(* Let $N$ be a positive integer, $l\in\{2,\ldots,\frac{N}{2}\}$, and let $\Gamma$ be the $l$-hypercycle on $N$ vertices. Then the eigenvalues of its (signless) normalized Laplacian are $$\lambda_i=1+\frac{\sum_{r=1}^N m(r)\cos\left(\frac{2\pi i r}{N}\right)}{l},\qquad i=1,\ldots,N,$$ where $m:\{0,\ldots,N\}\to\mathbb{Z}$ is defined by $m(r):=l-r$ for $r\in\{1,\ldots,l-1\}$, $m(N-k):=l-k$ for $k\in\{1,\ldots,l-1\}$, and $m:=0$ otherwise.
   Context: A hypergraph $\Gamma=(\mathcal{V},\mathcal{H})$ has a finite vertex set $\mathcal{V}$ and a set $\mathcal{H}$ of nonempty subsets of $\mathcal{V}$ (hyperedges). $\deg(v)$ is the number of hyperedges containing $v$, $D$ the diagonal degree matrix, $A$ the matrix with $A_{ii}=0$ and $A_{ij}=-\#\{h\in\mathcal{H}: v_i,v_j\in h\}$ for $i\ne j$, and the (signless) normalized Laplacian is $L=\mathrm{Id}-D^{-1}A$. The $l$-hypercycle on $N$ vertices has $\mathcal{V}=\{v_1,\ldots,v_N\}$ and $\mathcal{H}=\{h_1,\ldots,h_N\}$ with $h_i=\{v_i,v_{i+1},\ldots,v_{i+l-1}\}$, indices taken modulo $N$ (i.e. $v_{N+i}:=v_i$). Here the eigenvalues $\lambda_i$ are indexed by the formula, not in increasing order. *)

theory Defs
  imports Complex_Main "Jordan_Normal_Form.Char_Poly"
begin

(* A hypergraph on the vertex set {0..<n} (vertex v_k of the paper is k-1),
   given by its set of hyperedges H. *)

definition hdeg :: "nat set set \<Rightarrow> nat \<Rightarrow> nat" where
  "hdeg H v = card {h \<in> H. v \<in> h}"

:::

-- WORK ORDER --
Leaving each word as it is, reproduce all the material.

-- WRITTEN ANSWER --
(* Let $N$ be a positive integer, $l\in\{2,\ldots,\frac{N}{2}\}$, and let $\Gamma$ be the $l$-hypercycle on $N$ vertices. Then the eigenvalues of its (signless) normalized Laplacian are $$\lambda_i=1+\frac{\sum_{r=1}^N m(r)\cos\left(\frac{2\pi i r}{N}\right)}{l},\qquad i=1,\ldots,N,$$ where $m:\{0,\ldots,N\}\to\mathbb{Z}$ is defined by $m(r):=l-r$ for $r\in\{1,\ldots,l-1\}$, $m(N-k):=l-k$ for $k\in\{1,\ldots,l-1\}$, and $m:=0$ otherwise.
   Context: A hypergraph $\Gamma=(\mathcal{V},\mathcal{H})$ has a finite vertex set $\mathcal{V}$ and a set $\mathcal{H}$ of nonempty subsets of $\mathcal{V}$ (hyperedges). $\deg(v)$ is the number of hyperedges containing $v$, $D$ the diagonal degree matrix, $A$ the matrix with $A_{ii}=0$ and $A_{ij}=-\#\{h\in\mathcal{H}: v_i,v_j\in h\}$ for $i\ne j$, and the (signless) normalized Laplacian is $L=\mathrm{Id}-D^{-1}A$. The $l$-hypercycle on $N$ vertices has $\mathcal{V}=\{v_1,\ldots,v_N\}$ and $\mathcal{H}=\{h_1,\ldots,h_N\}$ with $h_i=\{v_i,v_{i+1},\ldots,v_{i+l-1}\}$, indices taken modulo $N$ (i.e. $v_{N+i}:=v_i$). Here the eigenvalues $\lambda_i$ are indexed by the formula, not in increasing order. *)

theory Defs
  imports Complex_Main "Jordan_Normal_Form.Char_Poly"
begin

(* A hypergraph on the vertex set {0..<n} (vertex v_k of the paper is k-1),
   given by its set of hyperedges H. *)

definition hdeg :: "nat set set \<Rightarrow> nat \<Rightarrow> nat" where
  "hdeg H v = card {h \<in> H. v \<in> h}"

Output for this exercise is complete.